Drug discovery and molecular design rely heavily on predicting material properties directly from their atomic structure. A particular property of interest for molecular design is the energy gap between the highest occupied molecular orbital (HOMO) and lowest unoccupied molecular orbital (LUMO), known as the HOMO-LUMO gap. The HOMO-LUMO gap is a valid approximation for the lowest excitation energy of a molecule and is used to express its chemical reactivity. In particular, molecules that are more chemically reactive are characterized by a lower HOMO-LUMO gap. There are many physics-based computational approaches to compute the HOMO-LUMO gap of a molecule such as ab initio molecular dynamics (MD) [1, 2] and density-functional tight-binding (DFTB) [3]. While these methods have been instrumental in predictive materials science, they are extremely computationally expensive. The advent of deep learning (DL) models has provided alternative methodologies to produce fast and accurate predictions of material properties and hence enable rapid screening in the large search space to select material candidates with desirable properties [47].

In particular, graph convolutional neural network (GCNN) models are extensively used in material science to predict material properties from atomic information [8, 9]. When GCNN models are used as surrogates in screening of the vast chemical space, the models have to process large amounts of streaming data which is dynamically produced by molecular design applications [10] (Fig. 1).

Fig. 1.

Fig. 1

Computational workflow that compares the standard procedure to predict material properties with DFTB calculations and a GCNN model that uses the molecular structure as input to estimate the HOMO-LUMO gap. Once the GCNN model is trained, it is much faster than DFTB

To effectively process large volumes of data in training large complex GCNN models, both data loading and model training must scale on multi-node hybrid CPU-GPU high-performance computing (HPC) resources. HPC techniques to scale the training use distributed data parallelism (DDP) to distribute data in batches across different processes. Each process computes gradient updates for the coefficients of the DL model on the local batch, and combines local gradient updates of all processes by averaging them. Although DDP is a well established technique, the specific use of DDP to scale the training of GCNN models is still largely unexplored.

In this work we analyze the scalability of our library of GCNN models on two open-source graph datasets describing the HOMO-LUMO gap for a wide variety of molecules: the PCQM4Mv2 dataset from the Open Graph Benchmark (OGB) [11, 12] and the AISD HOMO-LUMO dataset [13] generated at Oak Ridge National Laboratory (ORNL).
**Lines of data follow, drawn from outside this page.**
(* Let $X$ be a finite discrete space with at least two elements, $\Gamma$ a nonempty countable set, $\varphi:\Gamma\to\Gamma$ any map. Then $(X^\Gamma,\sigma_\varphi)$ is transitive distributional chaotic if and only if $\varphi$ is one-to-one and has no periodic point.
   Context: $X^\Gamma$ has the product topology and a fixed compatible metric $d$; $\sigma_\varphi((x_\alpha)_{\alpha\in\Gamma})=(x_{\varphi(\alpha)})_{\alpha\in\Gamma}$. For $f=\sigma_\varphi$, $x,y\in X^\Gamma$, $t>0$: $\xi(x,y,t,n)=\#\{i\in\{0,\dots,n-1\}:d(f^i(x),f^i(y))<t\}$, $F_{xy}(t)=\liminf_n \xi(x,y,t,n)/n$, $F^*_{xy}(t)=\limsup_n\xi(x,y,t,n)/n$. A point $x$ is a transitive point if $\{f^n(x):n\ge0\}$ is dense. The system is transitive distributional chaotic if there exist a dense uncountable set $A\subseteq X^\Gamma$ consisting of transitive points and $\varepsilon>0$ such that for all distinct $x,y\in A$: $F^*_{xy}(s)=1$ for every $s>0$ and $F_{xy}(\varepsilon)=0$. *)

theory Defs
  imports "HOL-Analysis.Analysis"
begin

definition prod_discrete :: "('g \<Rightarrow> 'a) topology" where
  "prod_discrete = product_topology (\<lambda>_. discrete_topology (UNIV :: 'a set)) UNIV"

definition sigma_shift :: "('g \<Rightarrow> 'g) \<Rightarrow> ('g \<Rightarrow> 'a) \<Rightarrow> ('g \<Rightarrow> 'a)" where
  "sigma_shift \<phi> x = (\<lambda>\<alpha>. x (\<phi> \<alpha>))"

definition xi_count :: "('b \<Rightarrow> 'b \<Rightarrow> real) \<Rightarrow> ('b \<Rightarrow> 'b) \<Rightarrow> 'b \<Rightarrow> 'b \<Rightarrow> real \<Rightarrow> nat \<Rightarrow> nat" where
  "xi_count d f x y t n = card {i. i < n \<and> d ((f ^^ i) x) ((f ^^ i) y) < t}"

definition F_lower :: "('b \<Rightarrow> 'b \<Rightarrow> real) \<Rightarrow> ('b \<Rightarrow> 'b) \<Rightarrow> 'b \<Rightarrow> 'b \<Rightarrow> real \<Rightarrow> ereal" where
  "F_lower d f x y t = liminf (\<lambda>n. ereal (real (xi_count d f x y t n) / real n))"

definition F_upper :: "('b \<Rightarrow> 'b \<Rightarrow> real) \<Rightarrow> ('b \<Rightarrow> 'b) \<Rightarrow> 'b \<Rightarrow> 'b \<Rightarrow> real \<Rightarrow> ereal" where
  "F_upper d f x y t = limsup (\<lambda>n. ereal (real (xi_count d f x y t n) / real n))"

definition transitive_point :: "'b topology \<Rightarrow> ('b \<Rightarrow> 'b) \<Rightarrow> 'b \<Rightarrow> bool" where
  "transitive_point T f x \<longleftrightarrow> T closure_of {(f ^^ n) x | n. True} = topspace T"

definition transitive_distributional_chaotic ::
  "'b topology \<Rightarrow> ('b \<Rightarrow> 'b \<Rightarrow> real) \<Rightarrow> ('b \<Rightarrow> 'b) \<Rightarrow> bool" where
  "transitive_distributional_chaotic T d f \<longleftrightarrow>
     (\<exists>A \<epsilon>. A \<subseteq> topspace T \<and> T closure_of A = topspace T \<and> uncountable A
        \<and> (\<forall>x\<in>A. transitive_point T f x) \<and> \<epsilon> > 0
        \<and> (\<forall>x\<in>A. \<forall>y\<in>A. x \<noteq> y \<longrightarrow>
              (\<forall>s>0. F_upper d f x y s = 1) \<and> F_lower d f x y \<epsilon> = 0))"

definition has_periodic_point :: "('g \<Rightarrow> 'g) \<Rightarrow> bool" where
  "has_periodic_point \<phi> \<longleftrightarrow> (\<exists>\<alpha> n. n > 0 \<and> (\<phi> ^^ n) \<alpha> = \<alpha>)"

end

theory Submission
  imports Defs
begin

text \<open>
  Necessity only needs one transitive point x. If \<open>\<phi> \<alpha> = \<phi> \<beta>\<close> with \<open>\<alpha> \<noteq> \<beta>\<close>, the shifted
  points \<open>x \<circ> \<phi>\<^sup>n\<close> with \<open>n > 0\<close> agree at \<open>\<alpha>\<close> and \<open>\<beta>\<close>, so x cannot realise two different
  patterns on \<open>{\<alpha>, \<beta>}\<close>; if \<open>\<alpha>\<close> is periodic, some \<open>x \<circ> \<phi>\<^sup>n\<close> is constant on the finite orbit
  of \<open>\<alpha>\<close>, and then so are all later ones.

  As \<open>\<phi>\<close> is injective without periodic points, for every
  finite set S there is a delay D such that \<open>\<phi>\<^sup>i \<delta> \<noteq> \<phi>\<^sup>j \<delta>'\<close> for \<open>\<delta>, \<delta>' \<in> S\<close>
  whenever \<open>i + D < j\<close>. Time is cut into blocks of rapidly growing length. In block m
  the orbit of the first m coordinates first shows the m-th finite pattern, which makes every
  constructed point transitive, and then, for all but a fraction \<open>1/(m + 2)\<close> of the block,
  a constant symbol selected by one bit of a parameter.
  In even blocks this symbol is always a, which gives \<open>F\<^sup>* = 1\<close>; two distinct parameters
  differ in some odd block, where one point shows a and the other b, which gives \<open>F = 0\<close> at a
  third of the distance between the two constant points. Arbitrary prefixes on the first
  coordinates make the family dense, and the parameters make it uncountable.
\<close>

section \<open>Cylinders and iterates of the shift\<close>

lemma funpow_funpow_apply: "(f ^^ m) ((f ^^ n) x) = (f ^^ (m + n)) x"
  by (simp add: funpow_add)

lemma funpow_sigma_shift: "(sigma_shift \<phi> ^^ n) x = (\<lambda>\<gamma>. x ((\<phi> ^^ n) \<gamma>))"
  by (induction n) (auto simp: sigma_shift_def funpow_swap1)

definition cylinder :: "'g set \<Rightarrow> ('g \<Rightarrow> 'a) \<Rightarrow> ('g \<Rightarrow> 'a) set" where
  "cylinder S c = {z. \<forall>\<gamma>\<in>S. z \<gamma> = c \<gamma>}"

lemma center_in_cylinder [simp]: "c \<in> cylinder S c"
  by (simp add: cylinder_def)

lemma topspace_prod_discrete [simp]: "topspace prod_discrete = UNIV"
  by (simp add: prod_discrete_def)

lemma openin_cylinder:
  assumes "finite S"
  shows "openin prod_discrete (cylinder S c)"
proof -
  have "cylinder S c = Pi\<^sub>E UNIV (\<lambda>\<gamma>. if \<gamma> \<in> S then {c \<gamma>} else UNIV)"
    by (auto simp: cylinder_def PiE_iff) (metis singletonD)
  moreover have "finite {\<gamma>. (if \<gamma> \<in> S then {c \<gamma>} else UNIV) \<noteq> UNIV}"
    using assms by (rule rev_finite_subset) auto
  ultimately show ?thesis
    by (simp add: prod_discrete_def openin_PiE_gen)
qed

lemma openin_imp_cylinder_subset:
  assumes "openin prod_discrete U" "c \<in> U"
  obtains S where "finite S" "cylinder S c \<subseteq> U"
proof -
  obtain V where V: "finite {\<gamma>. V \<gamma> \<noteq> UNIV}" "c \<in> Pi\<^sub>E UNIV V" "Pi\<^sub>E UNIV V \<subseteq> U"
    using assms by (auto simp: prod_discrete_def openin_product_topology_alt)
  have sub: "cylinder {\<gamma>. V \<gamma> \<noteq> UNIV} c \<subseteq> Pi\<^sub>E UNIV V"
  proof
    fix z assume "z \<in> cylinder {\<gamma>. V \<gamma> \<noteq> UNIV} c"
    then have "z \<gamma> \<in> V \<gamma>" for \<gamma>
      using V(2) by (cases "V \<gamma> = UNIV") (auto simp: cylinder_def PiE_iff)
    then show "z \<in> Pi\<^sub>E UNIV V"
      by (simp add: PiE_iff)
  qed
  show thesis
    using sub V(3) by (intro that[OF V(1)]) (rule order_trans)
qed

lemma dense_prod_discrete_iff:
  "prod_discrete closure_of A = topspace prod_discrete \<longleftrightarrow>
     (\<forall>S c. finite S \<longrightarrow> A \<inter> cylinder S c \<noteq> {})"
proof
  assume "prod_discrete closure_of A = topspace prod_discrete"
  then show "\<forall>S c. finite S \<longrightarrow> A \<inter> cylinder S c \<noteq> {}"
    by (metis center_in_cylinder dense_intersects_open empty_iff openin_cylinder)
next
  assume "\<forall>S c. finite S \<longrightarrow> A \<inter> cylinder S c \<noteq> {}"
  then show "prod_discrete closure_of A = topspace prod_discrete"
    unfolding dense_intersects_open
    by (metis all_not_in_conv inf_mono openin_imp_cylinder_subset subset_empty subset_refl)
qed

lemma transitive_point_sigma_shift_iff:
  "transitive_point prod_discrete (sigma_shift \<phi>) x \<longleftrightarrow>
     (\<forall>S c. finite S \<longrightarrow> (\<exists>n. \<forall>\<gamma>\<in>S. x ((\<phi> ^^ n) \<gamma>) = c \<gamma>))"
  unfolding transitive_point_def dense_prod_discrete_iff
  by (auto simp: cylinder_def funpow_sigma_shift; blast)

lemma transitive_point_sigma_shiftD:
  assumes "transitive_point prod_discrete (sigma_shift \<phi>) x" "finite S"
  obtains n where "\<And>\<gamma>. \<gamma> \<in> S \<Longrightarrow> x ((\<phi> ^^ n) \<gamma>) = c \<gamma>"
  using assms unfolding transitive_point_sigma_shift_iff by blast

lemma cylinder_subset_mball:
  assumes "Metric_space UNIV d" "Metric_space.mtopology UNIV d = prod_discrete" "r > 0"
  obtains S where "finite S" "\<And>z. z \<in> cylinder S c \<Longrightarrow> d c z < r"
proof -
  interpret Metric_space UNIV d by fact
  have "openin prod_discrete (mball c r)"
    using assms(2) openin_mball by metis
  then obtain S where S: "finite S" "cylinder S c \<subseteq> mball c r"
    using \<open>r > 0\<close> openin_imp_cylinder_subset by (metis centre_in_mball_iff UNIV_I)
  show thesis
  proof (rule that[OF S(1)])
    fix z assume "z \<in> cylinder S c"
    with S(2) show "d c z < r"
      by auto
  qed
qed

lemma (in Metric_space) mdist_lt_via_centre:
  assumes "c \<in> M" "z \<in> M" "w \<in> M" "d c z < e" "d c w < e"
  shows "d z w < 2 * e"
  using triangle[OF assms(2,1,3)] commute[of z c] assms(4,5) by linarith

lemma (in Metric_space) not_close_near_far_centres:
  assumes "c \<in> M" "c' \<in> M" "z \<in> M" "w \<in> M"
    and "d c z < e" "d c' w < e" "3 * e \<le> d c c'"
  shows "\<not> d z w < e"
  using triangle[of c z w] triangle[of c w c'] commute[of c' w] assms by fastforce

section \<open>Necessity\<close>

lemma transitive_point_sigma_shift_imp_inj:
  fixes x :: "'g \<Rightarrow> 'a" and a b :: 'a
  assumes "transitive_point prod_discrete (sigma_shift \<phi>) x" "a \<noteq> b"
  shows "inj \<phi>"
proof (rule injI, rule ccontr)
  fix \<alpha> \<beta> assume "\<phi> \<alpha> = \<phi> \<beta>" "\<alpha> \<noteq> \<beta>"
  have "x \<alpha> = u" if "u \<noteq> v" for u v
  proof -
    obtain n where "\<And>\<gamma>. \<gamma> \<in> {\<alpha>, \<beta>} \<Longrightarrow> x ((\<phi> ^^ n) \<gamma>) = (if \<gamma> = \<alpha> then u else v)"
      using transitive_point_sigma_shiftD[OF assms(1), of "{\<alpha>, \<beta>}" "\<lambda>\<gamma>. if \<gamma> = \<alpha> then u else v"]
      by blast
    then have n: "x ((\<phi> ^^ n) \<alpha>) = u" "x ((\<phi> ^^ n) \<beta>) = v"
      using \<open>\<alpha> \<noteq> \<beta>\<close> by auto
    show ?thesis
    proof (cases n)
      case (Suc k)
      then have "(\<phi> ^^ n) \<alpha> = (\<phi> ^^ n) \<beta>"
        using \<open>\<phi> \<alpha> = \<phi> \<beta>\<close> by (simp only: funpow_Suc_right o_apply)
      with n that show ?thesis
        by simp
    qed (use n in simp)
  qed
  from this[of a b] this[of b a] show False
    using \<open>a \<noteq> b\<close> by simp
qed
The scalability of the data loading and GCNN training on the two datasets has been tested on the Summit supercomputer at the Oak Ridge Leadership Computing Facility (OLCF) and the Perlmutter supercomputer at the National Energy Research Scientific Computing Center (NERSC). For our study, we use HydraGNN, a library we have developed for scalable data reading and GCNN training with portability on a broad variety of computational resources [14]. HydraGNN is capable of multitask prediction of hybrid node-level and graph-level properties in large batches of graphs in different sizes, i.e., with varying number of nodes. We use the ADIOS [15] high-performance data management library for efficient storage and reading of graph data. Numerical results show that the training of HydraGNN scales linearly up to 1024 GPUs on both supercomputers.
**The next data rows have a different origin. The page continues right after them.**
(* Let $T=(p,q:F\to E)$ be an LR textile system with $p$ surjective and $F$ source-free, $\Lambda=\Lambda_T$, and let $\{\mathcal G^i_z: z\in E^0, 1\le i\le m(z)\}$ be a 2-graph insplitting partition of $\Lambda$. Define $\mathcal F^i_v=\{\lambda\in F^1: r(\lambda)=v,\ p(\lambda)\in\mathcal G^i_{p(v)}\}$ for $v\in F^0$, $1\le i\le m(p(v))$, and $\mathcal E^i_z=\mathcal G^i_z\cap zE^1$. Then: (1a) if $v,w\in F^0$ and $p(\mathcal F^i_v)\cap p(\mathcal F^j_w)\neq\emptyset$ then $p(\mathcal F^i_v)=p(\mathcal F^j_w)$; (1b) for each $v\in F^0$ there are $w\in F^0$ and $j$ with $q(vF^1)\subseteq p(\mathcal F^j_w)$; (2) $\mathcal E^i_z=p(\mathcal F^i_v)$ for every $v\in F^0$ with $p(v)=z$; (3) $\mathcal G^i_z=\mathcal E^i_z\sqcup r_F(q^{-1}(\mathcal E^i_z))$ for all $z\in E^0$ and $1\le i\le m(z)$.
   Context: Directed graph $E=(E^0,E^1,r,s)$, $zE^1=r^{-1}(z)$; $F$ source-free: $r$ onto $F^0$. Textile system $T=(p,q:F\to E)$: graph homomorphisms (commuting with $r,s$) with $f\mapsto(r(f),p(f),s(f),q(f))$ injective. LR: $p$ has unique $r$-path lifting (for $v\in F^0,e\in E^1$ with $p(v)=r(e)$, exactly one $f\in F^1$ with $r(f)=v,p(f)=e$), $q$ has unique $s$-path lifting (same with $s$). $\Lambda_T$ is the 2-graph with vertices $E^0$, color-1 edges $E^1$ (range/source from $E$), color-2 edges $F^0$ with $r(w)=q(w)$, $s(w)=p(w)$, and commuting squares $ve\sim e'w$ iff some $f\in F^1$ has $r(f)=v,s(f)=w,p(f)=e,q(f)=e'$; $\Lambda^1=E^1\sqcup F^0$. A 2-graph insplitting partition: for each $z\in E^0$, a partition of the edges of $\Lambda^1$ with range $z$ into nonempty sets $\mathcal G^1_z,\dots,\mathcal G^{m(z)}_z$ with the pairing condition: for each $f\in F^1$ (a commuting square $r(f)p(f)\sim q(f)s(f)$), the edges $r(f)$ and $q(f)$ lie in the same set $\mathcal G^j_{q(r(f))}$. *)

theory Defs
  imports Main
begin

record ('v, 'e) dgraph =
  verts :: "'v set"
  edges :: "'e set"
  rg :: "'e \<Rightarrow> 'v"
  sg :: "'e \<Rightarrow> 'v"

definition wf_graph :: "('v, 'e) dgraph \<Rightarrow> bool" where
  "wf_graph G \<longleftrightarrow> (\<forall>e\<in>edges G. rg G e \<in> verts G \<and> sg G e \<in> verts G)"

definition source_free :: "('v, 'e) dgraph \<Rightarrow> bool" where
  "source_free G \<longleftrightarrow> rg G ` edges G = verts G"

definition graph_hom ::
  "('a, 'b) dgraph \<Rightarrow> ('v, 'e) dgraph \<Rightarrow> ('a \<Rightarrow> 'v) \<Rightarrow> ('b \<Rightarrow> 'e) \<Rightarrow> bool" where
  "graph_hom F E h0 h1 \<longleftrightarrow>
     (\<forall>v\<in>verts F. h0 v \<in> verts E) \<and> (\<forall>f\<in>edges F. h1 f \<in> edges E) \<and>
     (\<forall>f\<in>edges F. rg E (h1 f) = h0 (rg F f) \<and> sg E (h1 f) = h0 (sg F f))"

definition surj_graph_hom ::
  "('a, 'b) dgraph \<Rightarrow> ('v, 'e) dgraph \<Rightarrow> ('a \<Rightarrow> 'v) \<Rightarrow> ('b \<Rightarrow> 'e) \<Rightarrow> bool" where
  "surj_graph_hom F E h0 h1 \<longleftrightarrow> h0 ` verts F = verts E \<and> h1 ` edges F = edges E"

definition textile_system ::
  "('v, 'e) dgraph \<Rightarrow> ('a, 'b) dgraph \<Rightarrow> ('a \<Rightarrow> 'v) \<Rightarrow> ('b \<Rightarrow> 'e) \<Rightarrow>
   ('a \<Rightarrow> 'v) \<Rightarrow> ('b \<Rightarrow> 'e) \<Rightarrow> bool" where
  "textile_system E F p0 p1 q0 q1 \<longleftrightarrow>
     wf_graph E \<and> wf_graph F \<and> graph_hom F E p0 p1 \<and> graph_hom F E q0 q1 \<and>
     inj_on (\<lambda>f. (rg F f, p1 f, sg F f, q1 f)) (edges F)"

definition LR_textile ::
  "('v, 'e) dgraph \<Rightarrow> ('a, 'b) dgraph \<Rightarrow> ('a \<Rightarrow> 'v) \<Rightarrow> ('b \<Rightarrow> 'e) \<Rightarrow>
   ('a \<Rightarrow> 'v) \<Rightarrow> ('b \<Rightarrow> 'e) \<Rightarrow> bool" where
  "LR_textile E F p0 p1 q0 q1 \<longleftrightarrow>
     textile_system E F p0 p1 q0 q1 \<and>
     (\<forall>v\<in>verts F. \<forall>e\<in>edges E. p0 v = rg E e \<longrightarrow>
        (\<exists>!f. f \<in> edges F \<and> rg F f = v \<and> p1 f = e)) \<and>
     (\<forall>v\<in>verts F. \<forall>e\<in>edges E. q0 v = sg E e \<longrightarrow>
        (\<exists>!f. f \<in> edges F \<and> sg F f = v \<and> q1 f = e))"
The remainder of this work is structured as follows. "Related work" section describes related work. "Background" section presents the background of GCNN architectures, the HydraGNN library and the ADIOS data management framework. "Distributed data parallel training" section briefly describes our DDP approach along with efficient data loading of training data. "Numerical results" section presents the numerical results with comparisons between Summit and Perlmutter in terms of scalability, and "Conclusions and future work" section summarizes the analysis of this work and discusses future research directions.

Related work

In this section, we review the relevant literature on GCNN models for predicting the HOMO-LUMO gap and DDP for GCNN.

GCNN modeling work has been reported on predictions of HOMO-LUMO gap [9, 1619]. Most of the work focuses on the QM9 dataset [20] or the OE62 dataset [21]. QM9 has about 134 thousand molecules containing 5 element types (i.e., H,C,N,O and F), and OE62 covers 16 different elements types (i.e., H, Li, B, C, N, O, F, Si, P, S, Cl, As, Se, Br, Te, and I) and about 62 thousand molecules. The two datasets used in this work are significantly larger and more diverse and hence more challenging to process and predict—PCQM4Mv2 with 3.3 million molecules and 31 element types and AISD HOMO-LUMO with 10.5 million molecules and 6 element types. Some GCNN work [12, 22, 23] has been reported on PCQM4Mv2, but the implementations are not for large-scale distributed training.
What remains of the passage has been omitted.